*AIM OF THE EXERCISE:* Among the entries below, extract exactly the lines that run from the one with "x \<le> ereal" through the one with "has_derivative D) (at", both ends included.

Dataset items
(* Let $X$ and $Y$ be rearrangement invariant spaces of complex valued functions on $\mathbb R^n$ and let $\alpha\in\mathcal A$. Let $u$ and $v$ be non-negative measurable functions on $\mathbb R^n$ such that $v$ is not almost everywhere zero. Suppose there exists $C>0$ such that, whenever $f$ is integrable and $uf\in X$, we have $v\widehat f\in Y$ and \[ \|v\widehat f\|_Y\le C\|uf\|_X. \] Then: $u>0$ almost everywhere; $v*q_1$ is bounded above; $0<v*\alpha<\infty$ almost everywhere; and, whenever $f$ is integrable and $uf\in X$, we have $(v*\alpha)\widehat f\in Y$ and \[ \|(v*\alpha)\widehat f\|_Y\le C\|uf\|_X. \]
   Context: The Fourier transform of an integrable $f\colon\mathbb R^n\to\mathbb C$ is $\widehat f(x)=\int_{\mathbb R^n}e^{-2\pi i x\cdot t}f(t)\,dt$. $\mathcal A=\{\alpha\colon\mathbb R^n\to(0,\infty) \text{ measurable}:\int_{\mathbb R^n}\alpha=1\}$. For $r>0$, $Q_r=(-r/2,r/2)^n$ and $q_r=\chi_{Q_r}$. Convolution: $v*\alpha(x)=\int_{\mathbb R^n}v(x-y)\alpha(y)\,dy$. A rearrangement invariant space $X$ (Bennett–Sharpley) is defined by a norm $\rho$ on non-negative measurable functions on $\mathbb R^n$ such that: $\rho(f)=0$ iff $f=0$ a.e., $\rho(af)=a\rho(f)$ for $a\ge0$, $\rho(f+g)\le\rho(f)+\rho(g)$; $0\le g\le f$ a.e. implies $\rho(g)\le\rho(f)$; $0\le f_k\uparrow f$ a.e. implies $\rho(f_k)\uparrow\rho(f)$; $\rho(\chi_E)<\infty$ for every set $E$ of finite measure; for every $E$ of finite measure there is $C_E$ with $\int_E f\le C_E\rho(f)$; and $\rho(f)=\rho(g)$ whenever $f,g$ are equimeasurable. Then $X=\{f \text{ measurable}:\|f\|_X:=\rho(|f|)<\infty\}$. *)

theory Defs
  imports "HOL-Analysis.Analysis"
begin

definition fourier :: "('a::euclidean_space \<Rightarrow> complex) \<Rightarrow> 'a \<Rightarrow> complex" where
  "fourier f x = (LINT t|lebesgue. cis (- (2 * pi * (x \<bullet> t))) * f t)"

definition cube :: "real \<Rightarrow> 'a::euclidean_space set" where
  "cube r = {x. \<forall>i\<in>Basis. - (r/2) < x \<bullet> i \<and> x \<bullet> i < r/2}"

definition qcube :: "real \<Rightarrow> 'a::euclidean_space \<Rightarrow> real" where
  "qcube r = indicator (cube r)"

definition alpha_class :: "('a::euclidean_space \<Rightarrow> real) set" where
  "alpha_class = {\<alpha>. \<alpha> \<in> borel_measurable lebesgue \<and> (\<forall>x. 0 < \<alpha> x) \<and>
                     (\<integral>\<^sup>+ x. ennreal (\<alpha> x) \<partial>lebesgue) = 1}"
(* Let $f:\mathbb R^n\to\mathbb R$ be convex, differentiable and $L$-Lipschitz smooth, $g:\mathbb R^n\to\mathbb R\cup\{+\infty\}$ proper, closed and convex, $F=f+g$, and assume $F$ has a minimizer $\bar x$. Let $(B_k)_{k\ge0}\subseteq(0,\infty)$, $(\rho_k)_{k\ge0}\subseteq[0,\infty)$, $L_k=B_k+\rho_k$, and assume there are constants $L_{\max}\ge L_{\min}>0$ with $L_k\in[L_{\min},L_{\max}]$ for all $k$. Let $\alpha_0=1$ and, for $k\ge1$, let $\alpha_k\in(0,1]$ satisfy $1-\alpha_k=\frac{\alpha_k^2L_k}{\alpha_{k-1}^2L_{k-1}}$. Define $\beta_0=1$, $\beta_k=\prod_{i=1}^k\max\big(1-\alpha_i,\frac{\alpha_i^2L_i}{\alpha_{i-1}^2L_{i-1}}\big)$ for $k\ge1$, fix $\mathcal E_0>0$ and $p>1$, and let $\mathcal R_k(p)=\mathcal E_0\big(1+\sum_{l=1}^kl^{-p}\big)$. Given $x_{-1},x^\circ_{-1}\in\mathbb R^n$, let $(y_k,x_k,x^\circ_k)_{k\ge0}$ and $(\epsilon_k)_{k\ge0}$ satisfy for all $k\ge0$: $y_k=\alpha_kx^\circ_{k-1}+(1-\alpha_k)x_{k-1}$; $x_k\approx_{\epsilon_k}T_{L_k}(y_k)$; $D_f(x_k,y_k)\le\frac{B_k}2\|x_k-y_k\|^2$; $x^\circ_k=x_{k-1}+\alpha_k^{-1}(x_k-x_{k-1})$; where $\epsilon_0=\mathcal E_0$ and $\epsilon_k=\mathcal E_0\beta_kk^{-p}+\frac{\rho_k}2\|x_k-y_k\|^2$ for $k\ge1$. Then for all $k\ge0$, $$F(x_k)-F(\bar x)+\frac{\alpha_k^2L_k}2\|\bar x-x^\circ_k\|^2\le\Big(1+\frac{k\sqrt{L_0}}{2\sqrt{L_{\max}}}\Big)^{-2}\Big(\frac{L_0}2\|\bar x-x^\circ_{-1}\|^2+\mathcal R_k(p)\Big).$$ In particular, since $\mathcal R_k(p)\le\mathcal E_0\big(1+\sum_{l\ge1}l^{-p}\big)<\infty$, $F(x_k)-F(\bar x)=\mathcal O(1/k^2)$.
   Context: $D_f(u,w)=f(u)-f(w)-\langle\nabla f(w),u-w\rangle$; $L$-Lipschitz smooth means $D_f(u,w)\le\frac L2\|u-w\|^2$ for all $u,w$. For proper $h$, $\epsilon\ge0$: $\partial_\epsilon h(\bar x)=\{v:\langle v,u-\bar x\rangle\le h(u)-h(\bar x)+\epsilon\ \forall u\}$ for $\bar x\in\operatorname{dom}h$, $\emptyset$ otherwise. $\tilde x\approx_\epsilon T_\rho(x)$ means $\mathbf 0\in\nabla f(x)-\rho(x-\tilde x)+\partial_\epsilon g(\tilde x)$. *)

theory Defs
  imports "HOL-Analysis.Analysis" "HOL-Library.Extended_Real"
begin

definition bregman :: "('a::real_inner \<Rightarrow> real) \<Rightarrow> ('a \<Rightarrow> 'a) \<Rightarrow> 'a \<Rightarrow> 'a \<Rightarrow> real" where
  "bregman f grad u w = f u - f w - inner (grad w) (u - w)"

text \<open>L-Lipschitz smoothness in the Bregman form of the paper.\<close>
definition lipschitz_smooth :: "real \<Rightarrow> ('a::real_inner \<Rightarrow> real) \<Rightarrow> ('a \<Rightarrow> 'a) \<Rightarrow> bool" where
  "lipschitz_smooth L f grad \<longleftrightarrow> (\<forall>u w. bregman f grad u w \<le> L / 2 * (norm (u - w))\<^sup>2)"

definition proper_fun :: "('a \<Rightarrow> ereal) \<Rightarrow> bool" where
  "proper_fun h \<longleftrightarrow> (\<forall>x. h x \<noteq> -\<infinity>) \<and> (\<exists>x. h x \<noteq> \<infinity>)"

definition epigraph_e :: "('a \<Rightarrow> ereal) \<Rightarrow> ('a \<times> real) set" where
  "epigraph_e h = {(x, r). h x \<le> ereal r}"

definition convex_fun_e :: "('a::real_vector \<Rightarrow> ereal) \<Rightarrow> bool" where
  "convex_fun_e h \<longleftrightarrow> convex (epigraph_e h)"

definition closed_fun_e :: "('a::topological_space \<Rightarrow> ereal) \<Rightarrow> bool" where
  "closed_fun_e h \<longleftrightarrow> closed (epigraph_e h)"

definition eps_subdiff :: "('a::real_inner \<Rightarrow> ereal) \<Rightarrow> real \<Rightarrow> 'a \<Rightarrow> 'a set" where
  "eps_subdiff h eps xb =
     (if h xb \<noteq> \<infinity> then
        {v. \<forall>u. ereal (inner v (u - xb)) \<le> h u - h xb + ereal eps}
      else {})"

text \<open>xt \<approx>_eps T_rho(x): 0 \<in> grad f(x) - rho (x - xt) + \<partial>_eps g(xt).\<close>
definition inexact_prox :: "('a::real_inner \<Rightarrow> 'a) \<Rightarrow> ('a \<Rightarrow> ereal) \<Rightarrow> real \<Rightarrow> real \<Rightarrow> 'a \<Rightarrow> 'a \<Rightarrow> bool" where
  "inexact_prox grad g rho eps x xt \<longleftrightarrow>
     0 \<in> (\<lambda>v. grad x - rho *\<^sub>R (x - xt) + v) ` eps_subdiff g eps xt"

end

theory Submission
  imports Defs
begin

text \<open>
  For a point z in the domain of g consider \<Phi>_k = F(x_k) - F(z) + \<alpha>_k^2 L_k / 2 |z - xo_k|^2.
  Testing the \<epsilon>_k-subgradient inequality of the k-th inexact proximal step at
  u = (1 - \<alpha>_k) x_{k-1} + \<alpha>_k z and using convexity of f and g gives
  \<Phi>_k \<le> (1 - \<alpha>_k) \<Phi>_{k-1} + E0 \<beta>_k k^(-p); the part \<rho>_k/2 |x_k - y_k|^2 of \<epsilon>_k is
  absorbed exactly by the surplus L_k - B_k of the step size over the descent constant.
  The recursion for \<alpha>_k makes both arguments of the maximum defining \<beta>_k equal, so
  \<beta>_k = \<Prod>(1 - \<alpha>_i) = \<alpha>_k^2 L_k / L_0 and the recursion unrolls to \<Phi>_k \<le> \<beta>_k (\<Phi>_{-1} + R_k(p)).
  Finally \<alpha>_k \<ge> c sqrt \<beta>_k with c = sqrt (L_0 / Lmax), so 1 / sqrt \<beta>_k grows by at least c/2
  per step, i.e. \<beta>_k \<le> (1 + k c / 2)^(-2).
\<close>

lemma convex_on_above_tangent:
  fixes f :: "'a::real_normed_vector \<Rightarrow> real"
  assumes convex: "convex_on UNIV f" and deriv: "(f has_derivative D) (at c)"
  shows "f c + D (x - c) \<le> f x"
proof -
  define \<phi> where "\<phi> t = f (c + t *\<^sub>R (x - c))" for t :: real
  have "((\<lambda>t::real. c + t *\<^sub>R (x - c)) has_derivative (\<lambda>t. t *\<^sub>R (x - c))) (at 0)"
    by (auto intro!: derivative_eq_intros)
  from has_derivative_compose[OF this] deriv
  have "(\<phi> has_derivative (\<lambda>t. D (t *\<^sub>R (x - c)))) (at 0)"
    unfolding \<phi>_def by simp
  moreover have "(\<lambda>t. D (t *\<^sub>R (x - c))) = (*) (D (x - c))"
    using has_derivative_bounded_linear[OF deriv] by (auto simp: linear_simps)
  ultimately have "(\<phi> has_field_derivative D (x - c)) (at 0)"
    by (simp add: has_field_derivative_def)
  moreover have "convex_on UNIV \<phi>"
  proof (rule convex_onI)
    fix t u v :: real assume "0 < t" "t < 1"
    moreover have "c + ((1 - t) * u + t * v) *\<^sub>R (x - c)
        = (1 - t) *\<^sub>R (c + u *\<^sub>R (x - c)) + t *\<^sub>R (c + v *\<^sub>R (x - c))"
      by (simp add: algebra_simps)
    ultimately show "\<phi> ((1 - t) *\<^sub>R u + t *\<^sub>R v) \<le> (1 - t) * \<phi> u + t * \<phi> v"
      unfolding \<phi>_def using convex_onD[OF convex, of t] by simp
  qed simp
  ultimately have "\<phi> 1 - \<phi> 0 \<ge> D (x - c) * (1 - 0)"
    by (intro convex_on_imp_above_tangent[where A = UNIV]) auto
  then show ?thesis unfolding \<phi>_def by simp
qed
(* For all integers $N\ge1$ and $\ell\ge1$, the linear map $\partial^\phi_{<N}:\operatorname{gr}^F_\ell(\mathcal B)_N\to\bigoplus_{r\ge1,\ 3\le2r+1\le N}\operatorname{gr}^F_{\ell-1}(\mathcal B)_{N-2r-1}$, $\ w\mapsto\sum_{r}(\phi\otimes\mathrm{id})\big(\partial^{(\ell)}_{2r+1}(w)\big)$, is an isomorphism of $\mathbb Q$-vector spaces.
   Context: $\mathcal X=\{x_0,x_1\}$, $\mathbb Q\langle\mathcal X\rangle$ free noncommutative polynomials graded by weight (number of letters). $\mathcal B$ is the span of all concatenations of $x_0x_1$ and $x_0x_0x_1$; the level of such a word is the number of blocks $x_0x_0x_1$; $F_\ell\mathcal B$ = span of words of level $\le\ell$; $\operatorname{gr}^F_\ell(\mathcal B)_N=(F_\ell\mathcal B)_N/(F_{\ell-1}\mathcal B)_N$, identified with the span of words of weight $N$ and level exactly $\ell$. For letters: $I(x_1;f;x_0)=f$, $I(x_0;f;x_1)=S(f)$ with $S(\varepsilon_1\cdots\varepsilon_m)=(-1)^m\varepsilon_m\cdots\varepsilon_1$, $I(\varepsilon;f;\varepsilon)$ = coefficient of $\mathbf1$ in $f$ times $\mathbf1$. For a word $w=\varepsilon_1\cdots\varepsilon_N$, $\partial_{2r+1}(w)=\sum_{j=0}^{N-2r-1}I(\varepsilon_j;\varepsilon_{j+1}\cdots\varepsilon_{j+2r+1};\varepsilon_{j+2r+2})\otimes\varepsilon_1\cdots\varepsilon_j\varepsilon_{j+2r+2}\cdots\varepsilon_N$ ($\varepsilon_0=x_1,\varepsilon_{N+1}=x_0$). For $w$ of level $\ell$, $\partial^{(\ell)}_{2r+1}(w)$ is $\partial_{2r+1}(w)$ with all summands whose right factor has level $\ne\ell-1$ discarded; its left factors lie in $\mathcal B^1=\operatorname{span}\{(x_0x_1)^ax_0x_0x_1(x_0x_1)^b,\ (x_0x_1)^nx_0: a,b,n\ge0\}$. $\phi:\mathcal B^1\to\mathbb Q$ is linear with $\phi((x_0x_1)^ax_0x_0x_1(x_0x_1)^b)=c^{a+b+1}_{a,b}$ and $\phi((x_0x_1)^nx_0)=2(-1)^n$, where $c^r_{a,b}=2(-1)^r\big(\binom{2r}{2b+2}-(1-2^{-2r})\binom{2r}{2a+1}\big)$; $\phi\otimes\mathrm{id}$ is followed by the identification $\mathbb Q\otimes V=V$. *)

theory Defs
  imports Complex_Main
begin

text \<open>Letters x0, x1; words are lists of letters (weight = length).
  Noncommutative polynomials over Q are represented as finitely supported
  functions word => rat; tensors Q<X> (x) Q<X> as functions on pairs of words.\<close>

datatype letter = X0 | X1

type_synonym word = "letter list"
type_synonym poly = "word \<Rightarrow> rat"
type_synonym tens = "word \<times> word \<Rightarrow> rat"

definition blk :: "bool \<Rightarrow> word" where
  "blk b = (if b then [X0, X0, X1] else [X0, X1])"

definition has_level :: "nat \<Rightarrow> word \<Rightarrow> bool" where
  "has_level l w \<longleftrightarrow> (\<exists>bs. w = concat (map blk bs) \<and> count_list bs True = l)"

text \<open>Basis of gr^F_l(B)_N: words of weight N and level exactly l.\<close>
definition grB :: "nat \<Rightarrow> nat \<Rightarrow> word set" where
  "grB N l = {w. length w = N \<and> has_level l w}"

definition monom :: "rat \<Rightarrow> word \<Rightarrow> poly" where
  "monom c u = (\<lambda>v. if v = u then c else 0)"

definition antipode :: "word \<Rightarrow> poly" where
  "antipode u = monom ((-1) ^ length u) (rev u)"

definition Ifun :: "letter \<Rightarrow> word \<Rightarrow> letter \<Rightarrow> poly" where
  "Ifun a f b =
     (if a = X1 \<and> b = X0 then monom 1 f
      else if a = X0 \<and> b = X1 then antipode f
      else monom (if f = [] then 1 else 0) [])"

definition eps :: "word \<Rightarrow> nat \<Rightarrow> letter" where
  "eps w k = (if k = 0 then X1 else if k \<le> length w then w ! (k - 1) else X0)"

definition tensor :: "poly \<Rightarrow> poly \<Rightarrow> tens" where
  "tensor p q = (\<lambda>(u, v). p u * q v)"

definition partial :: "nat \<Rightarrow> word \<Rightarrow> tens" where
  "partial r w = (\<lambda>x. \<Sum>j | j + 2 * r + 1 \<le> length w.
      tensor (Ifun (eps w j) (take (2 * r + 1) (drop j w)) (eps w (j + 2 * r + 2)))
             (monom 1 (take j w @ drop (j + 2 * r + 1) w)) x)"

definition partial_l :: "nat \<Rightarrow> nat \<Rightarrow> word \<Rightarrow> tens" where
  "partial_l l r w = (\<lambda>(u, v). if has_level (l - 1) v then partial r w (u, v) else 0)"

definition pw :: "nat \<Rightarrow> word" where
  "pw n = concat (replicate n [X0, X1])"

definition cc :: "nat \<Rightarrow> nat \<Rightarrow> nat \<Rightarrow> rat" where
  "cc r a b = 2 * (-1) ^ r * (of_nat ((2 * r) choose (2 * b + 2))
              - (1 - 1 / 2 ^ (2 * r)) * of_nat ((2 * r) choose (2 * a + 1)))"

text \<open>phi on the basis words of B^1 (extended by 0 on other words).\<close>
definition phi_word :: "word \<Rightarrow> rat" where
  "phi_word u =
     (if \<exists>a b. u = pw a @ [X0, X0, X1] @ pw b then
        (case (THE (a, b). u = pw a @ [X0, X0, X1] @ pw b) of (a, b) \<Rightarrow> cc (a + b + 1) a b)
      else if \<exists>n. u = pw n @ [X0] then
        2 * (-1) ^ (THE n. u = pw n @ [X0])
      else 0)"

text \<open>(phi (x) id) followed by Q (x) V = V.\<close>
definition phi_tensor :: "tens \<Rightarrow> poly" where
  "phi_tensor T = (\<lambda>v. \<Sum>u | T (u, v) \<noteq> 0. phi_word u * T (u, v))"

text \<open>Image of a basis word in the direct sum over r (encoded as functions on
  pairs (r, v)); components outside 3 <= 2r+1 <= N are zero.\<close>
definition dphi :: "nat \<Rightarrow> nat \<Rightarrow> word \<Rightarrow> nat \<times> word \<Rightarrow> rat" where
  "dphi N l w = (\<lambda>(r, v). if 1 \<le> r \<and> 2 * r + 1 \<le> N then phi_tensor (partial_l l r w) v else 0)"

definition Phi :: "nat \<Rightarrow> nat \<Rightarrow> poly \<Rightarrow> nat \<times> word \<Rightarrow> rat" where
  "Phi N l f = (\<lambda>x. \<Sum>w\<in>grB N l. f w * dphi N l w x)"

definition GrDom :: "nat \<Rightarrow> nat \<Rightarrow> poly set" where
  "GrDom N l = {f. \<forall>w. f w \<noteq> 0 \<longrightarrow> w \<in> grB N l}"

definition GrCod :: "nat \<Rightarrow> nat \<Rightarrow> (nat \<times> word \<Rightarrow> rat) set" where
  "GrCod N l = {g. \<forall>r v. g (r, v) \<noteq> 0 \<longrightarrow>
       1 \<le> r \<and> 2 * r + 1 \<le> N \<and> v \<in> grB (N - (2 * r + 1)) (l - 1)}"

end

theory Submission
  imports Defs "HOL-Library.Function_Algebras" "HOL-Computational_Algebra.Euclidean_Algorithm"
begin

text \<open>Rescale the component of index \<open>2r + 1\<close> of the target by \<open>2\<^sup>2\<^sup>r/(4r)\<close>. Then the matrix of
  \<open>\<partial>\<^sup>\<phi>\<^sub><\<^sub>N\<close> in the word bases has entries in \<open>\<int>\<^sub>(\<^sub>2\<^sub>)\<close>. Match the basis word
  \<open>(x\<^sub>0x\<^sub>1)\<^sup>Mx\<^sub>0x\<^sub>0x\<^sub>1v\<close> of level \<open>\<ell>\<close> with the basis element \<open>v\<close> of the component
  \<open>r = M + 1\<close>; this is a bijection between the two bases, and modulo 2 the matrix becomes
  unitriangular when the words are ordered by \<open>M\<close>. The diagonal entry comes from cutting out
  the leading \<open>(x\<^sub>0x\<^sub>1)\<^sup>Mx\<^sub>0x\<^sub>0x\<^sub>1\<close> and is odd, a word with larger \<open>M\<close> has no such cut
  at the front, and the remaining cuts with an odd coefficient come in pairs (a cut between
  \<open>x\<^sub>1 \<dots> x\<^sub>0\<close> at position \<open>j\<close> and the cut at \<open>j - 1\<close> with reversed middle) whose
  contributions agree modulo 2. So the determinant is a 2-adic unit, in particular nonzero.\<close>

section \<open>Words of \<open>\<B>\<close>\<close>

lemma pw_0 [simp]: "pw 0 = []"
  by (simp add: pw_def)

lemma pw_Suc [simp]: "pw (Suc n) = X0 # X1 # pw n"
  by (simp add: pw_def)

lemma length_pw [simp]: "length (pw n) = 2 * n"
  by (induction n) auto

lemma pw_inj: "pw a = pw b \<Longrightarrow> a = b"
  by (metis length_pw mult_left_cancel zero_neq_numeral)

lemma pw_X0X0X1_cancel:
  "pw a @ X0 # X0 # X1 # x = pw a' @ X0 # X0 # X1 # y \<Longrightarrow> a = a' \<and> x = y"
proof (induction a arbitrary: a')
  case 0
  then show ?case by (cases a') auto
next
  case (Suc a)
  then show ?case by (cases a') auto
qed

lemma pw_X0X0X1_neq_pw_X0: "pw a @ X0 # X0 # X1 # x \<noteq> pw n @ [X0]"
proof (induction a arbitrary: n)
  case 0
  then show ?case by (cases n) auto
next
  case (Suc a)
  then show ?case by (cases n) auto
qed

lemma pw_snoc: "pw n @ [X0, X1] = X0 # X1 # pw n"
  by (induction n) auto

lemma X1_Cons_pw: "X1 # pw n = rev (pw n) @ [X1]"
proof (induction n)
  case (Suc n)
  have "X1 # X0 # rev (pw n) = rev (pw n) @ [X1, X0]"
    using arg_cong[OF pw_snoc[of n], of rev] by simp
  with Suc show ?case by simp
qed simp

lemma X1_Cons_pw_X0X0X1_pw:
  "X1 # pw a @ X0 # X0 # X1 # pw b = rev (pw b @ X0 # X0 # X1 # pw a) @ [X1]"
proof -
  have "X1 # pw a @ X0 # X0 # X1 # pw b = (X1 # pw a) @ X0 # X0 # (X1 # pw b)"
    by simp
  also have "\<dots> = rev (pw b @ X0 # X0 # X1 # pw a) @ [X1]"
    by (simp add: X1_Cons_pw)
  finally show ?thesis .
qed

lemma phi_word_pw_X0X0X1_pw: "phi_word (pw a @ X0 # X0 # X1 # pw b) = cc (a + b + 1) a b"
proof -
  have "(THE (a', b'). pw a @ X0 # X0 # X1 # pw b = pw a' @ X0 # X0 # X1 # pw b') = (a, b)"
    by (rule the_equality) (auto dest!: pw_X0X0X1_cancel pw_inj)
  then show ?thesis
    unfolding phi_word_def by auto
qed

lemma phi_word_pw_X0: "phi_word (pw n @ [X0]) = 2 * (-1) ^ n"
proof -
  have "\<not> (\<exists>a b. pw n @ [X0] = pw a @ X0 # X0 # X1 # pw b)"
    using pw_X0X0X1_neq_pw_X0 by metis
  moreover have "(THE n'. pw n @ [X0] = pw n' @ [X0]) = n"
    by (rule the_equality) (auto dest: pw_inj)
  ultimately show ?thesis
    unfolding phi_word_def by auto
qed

*SOLUTION FOR THIS EXERCISE:*
  "epigraph_e h = {(x, r). h x \<le> ereal r}"

definition convex_fun_e :: "('a::real_vector \<Rightarrow> ereal) \<Rightarrow> bool" where
  "convex_fun_e h \<longleftrightarrow> convex (epigraph_e h)"

definition closed_fun_e :: "('a::topological_space \<Rightarrow> ereal) \<Rightarrow> bool" where
  "closed_fun_e h \<longleftrightarrow> closed (epigraph_e h)"

definition eps_subdiff :: "('a::real_inner \<Rightarrow> ereal) \<Rightarrow> real \<Rightarrow> 'a \<Rightarrow> 'a set" where
  "eps_subdiff h eps xb =
     (if h xb \<noteq> \<infinity> then
        {v. \<forall>u. ereal (inner v (u - xb)) \<le> h u - h xb + ereal eps}
      else {})"

text \<open>xt \<approx>_eps T_rho(x): 0 \<in> grad f(x) - rho (x - xt) + \<partial>_eps g(xt).\<close>
definition inexact_prox :: "('a::real_inner \<Rightarrow> 'a) \<Rightarrow> ('a \<Rightarrow> ereal) \<Rightarrow> real \<Rightarrow> real \<Rightarrow> 'a \<Rightarrow> 'a \<Rightarrow> bool" where
  "inexact_prox grad g rho eps x xt \<longleftrightarrow>
     0 \<in> (\<lambda>v. grad x - rho *\<^sub>R (x - xt) + v) ` eps_subdiff g eps xt"

end

theory Submission
  imports Defs
begin

text \<open>
  For a point z in the domain of g consider \<Phi>_k = F(x_k) - F(z) + \<alpha>_k^2 L_k / 2 |z - xo_k|^2.
  Testing the \<epsilon>_k-subgradient inequality of the k-th inexact proximal step at
  u = (1 - \<alpha>_k) x_{k-1} + \<alpha>_k z and using convexity of f and g gives
  \<Phi>_k \<le> (1 - \<alpha>_k) \<Phi>_{k-1} + E0 \<beta>_k k^(-p); the part \<rho>_k/2 |x_k - y_k|^2 of \<epsilon>_k is
  absorbed exactly by the surplus L_k - B_k of the step size over the descent constant.
  The recursion for \<alpha>_k makes both arguments of the maximum defining \<beta>_k equal, so
  \<beta>_k = \<Prod>(1 - \<alpha>_i) = \<alpha>_k^2 L_k / L_0 and the recursion unrolls to \<Phi>_k \<le> \<beta>_k (\<Phi>_{-1} + R_k(p)).
  Finally \<alpha>_k \<ge> c sqrt \<beta>_k with c = sqrt (L_0 / Lmax), so 1 / sqrt \<beta>_k grows by at least c/2
  per step, i.e. \<beta>_k \<le> (1 + k c / 2)^(-2).
\<close>

lemma convex_on_above_tangent:
  fixes f :: "'a::real_normed_vector \<Rightarrow> real"
  assumes convex: "convex_on UNIV f" and deriv: "(f has_derivative D) (at c)"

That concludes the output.